◆ WHAT IS BEING ASKED ◆
Copy out the data so that nothing differs from the original.

------------------------------------------------

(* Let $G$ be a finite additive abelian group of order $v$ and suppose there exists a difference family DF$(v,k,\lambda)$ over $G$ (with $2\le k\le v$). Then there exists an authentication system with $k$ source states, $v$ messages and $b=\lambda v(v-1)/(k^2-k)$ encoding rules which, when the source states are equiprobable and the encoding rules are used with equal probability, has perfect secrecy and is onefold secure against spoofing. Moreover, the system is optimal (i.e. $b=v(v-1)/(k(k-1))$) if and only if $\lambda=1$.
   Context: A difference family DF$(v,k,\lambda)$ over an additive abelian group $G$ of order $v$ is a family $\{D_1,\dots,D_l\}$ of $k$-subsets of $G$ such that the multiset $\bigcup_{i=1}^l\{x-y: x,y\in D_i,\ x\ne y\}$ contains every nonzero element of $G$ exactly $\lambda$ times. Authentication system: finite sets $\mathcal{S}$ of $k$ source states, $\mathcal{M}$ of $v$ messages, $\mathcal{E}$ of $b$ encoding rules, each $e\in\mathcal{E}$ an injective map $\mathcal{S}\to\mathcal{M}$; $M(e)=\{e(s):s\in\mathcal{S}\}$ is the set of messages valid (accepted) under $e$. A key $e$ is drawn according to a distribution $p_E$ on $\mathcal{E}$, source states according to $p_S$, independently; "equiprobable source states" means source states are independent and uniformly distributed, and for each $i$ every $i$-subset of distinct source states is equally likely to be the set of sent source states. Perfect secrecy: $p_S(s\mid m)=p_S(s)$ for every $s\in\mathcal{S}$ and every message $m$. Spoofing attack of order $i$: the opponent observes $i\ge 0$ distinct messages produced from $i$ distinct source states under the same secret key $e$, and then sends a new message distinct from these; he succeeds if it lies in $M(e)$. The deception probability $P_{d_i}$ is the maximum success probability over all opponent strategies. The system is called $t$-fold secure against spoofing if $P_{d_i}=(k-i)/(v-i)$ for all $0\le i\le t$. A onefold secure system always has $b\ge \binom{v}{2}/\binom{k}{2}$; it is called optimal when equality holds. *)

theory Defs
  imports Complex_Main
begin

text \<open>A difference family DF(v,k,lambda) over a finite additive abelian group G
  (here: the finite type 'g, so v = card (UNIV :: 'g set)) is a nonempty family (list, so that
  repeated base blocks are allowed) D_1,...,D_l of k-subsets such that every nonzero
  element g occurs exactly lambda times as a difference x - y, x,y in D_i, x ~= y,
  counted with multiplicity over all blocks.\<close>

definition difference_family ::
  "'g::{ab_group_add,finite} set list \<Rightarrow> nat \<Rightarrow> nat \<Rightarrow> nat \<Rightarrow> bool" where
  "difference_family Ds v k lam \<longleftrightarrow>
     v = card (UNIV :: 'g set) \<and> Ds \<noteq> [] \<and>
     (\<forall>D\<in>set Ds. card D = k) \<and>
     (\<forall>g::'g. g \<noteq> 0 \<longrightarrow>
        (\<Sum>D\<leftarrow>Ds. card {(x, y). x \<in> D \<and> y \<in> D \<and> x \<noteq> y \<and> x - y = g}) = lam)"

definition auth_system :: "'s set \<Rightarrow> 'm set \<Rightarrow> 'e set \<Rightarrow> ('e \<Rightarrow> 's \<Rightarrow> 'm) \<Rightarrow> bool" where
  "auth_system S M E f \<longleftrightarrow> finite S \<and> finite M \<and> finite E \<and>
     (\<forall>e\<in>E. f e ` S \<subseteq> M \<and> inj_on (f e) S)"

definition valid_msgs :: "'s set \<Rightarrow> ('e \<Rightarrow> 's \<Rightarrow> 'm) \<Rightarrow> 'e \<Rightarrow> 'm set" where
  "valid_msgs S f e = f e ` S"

------------------------------------------------

◆ RESPONSE TO THE EXERCISE ◆
(* Let $G$ be a finite additive abelian group of order $v$ and suppose there exists a difference family DF$(v,k,\lambda)$ over $G$ (with $2\le k\le v$). Then there exists an authentication system with $k$ source states, $v$ messages and $b=\lambda v(v-1)/(k^2-k)$ encoding rules which, when the source states are equiprobable and the encoding rules are used with equal probability, has perfect secrecy and is onefold secure against spoofing. Moreover, the system is optimal (i.e. $b=v(v-1)/(k(k-1))$) if and only if $\lambda=1$.
   Context: A difference family DF$(v,k,\lambda)$ over an additive abelian group $G$ of order $v$ is a family $\{D_1,\dots,D_l\}$ of $k$-subsets of $G$ such that the multiset $\bigcup_{i=1}^l\{x-y: x,y\in D_i,\ x\ne y\}$ contains every nonzero element of $G$ exactly $\lambda$ times. Authentication system: finite sets $\mathcal{S}$ of $k$ source states, $\mathcal{M}$ of $v$ messages, $\mathcal{E}$ of $b$ encoding rules, each $e\in\mathcal{E}$ an injective map $\mathcal{S}\to\mathcal{M}$; $M(e)=\{e(s):s\in\mathcal{S}\}$ is the set of messages valid (accepted) under $e$. A key $e$ is drawn according to a distribution $p_E$ on $\mathcal{E}$, source states according to $p_S$, independently; "equiprobable source states" means source states are independent and uniformly distributed, and for each $i$ every $i$-subset of distinct source states is equally likely to be the set of sent source states. Perfect secrecy: $p_S(s\mid m)=p_S(s)$ for every $s\in\mathcal{S}$ and every message $m$. Spoofing attack of order $i$: the opponent observes $i\ge 0$ distinct messages produced from $i$ distinct source states under the same secret key $e$, and then sends a new message distinct from these; he succeeds if it lies in $M(e)$. The deception probability $P_{d_i}$ is the maximum success probability over all opponent strategies. The system is called $t$-fold secure against spoofing if $P_{d_i}=(k-i)/(v-i)$ for all $0\le i\le t$. A onefold secure system always has $b\ge \binom{v}{2}/\binom{k}{2}$; it is called optimal when equality holds. *)

theory Defs
  imports Complex_Main
begin

text \<open>A difference family DF(v,k,lambda) over a finite additive abelian group G
  (here: the finite type 'g, so v = card (UNIV :: 'g set)) is a nonempty family (list, so that
  repeated base blocks are allowed) D_1,...,D_l of k-subsets such that every nonzero
  element g occurs exactly lambda times as a difference x - y, x,y in D_i, x ~= y,
  counted with multiplicity over all blocks.\<close>

definition difference_family ::
  "'g::{ab_group_add,finite} set list \<Rightarrow> nat \<Rightarrow> nat \<Rightarrow> nat \<Rightarrow> bool" where
  "difference_family Ds v k lam \<longleftrightarrow>
     v = card (UNIV :: 'g set) \<and> Ds \<noteq> [] \<and>
     (\<forall>D\<in>set Ds. card D = k) \<and>
     (\<forall>g::'g. g \<noteq> 0 \<longrightarrow>
        (\<Sum>D\<leftarrow>Ds. card {(x, y). x \<in> D \<and> y \<in> D \<and> x \<noteq> y \<and> x - y = g}) = lam)"

definition auth_system :: "'s set \<Rightarrow> 'm set \<Rightarrow> 'e set \<Rightarrow> ('e \<Rightarrow> 's \<Rightarrow> 'm) \<Rightarrow> bool" where
  "auth_system S M E f \<longleftrightarrow> finite S \<and> finite M \<and> finite E \<and>
     (\<forall>e\<in>E. f e ` S \<subseteq> M \<and> inj_on (f e) S)"

definition valid_msgs :: "'s set \<Rightarrow> ('e \<Rightarrow> 's \<Rightarrow> 'm) \<Rightarrow> 'e \<Rightarrow> 'm set" where
  "valid_msgs S f e = f e ` S"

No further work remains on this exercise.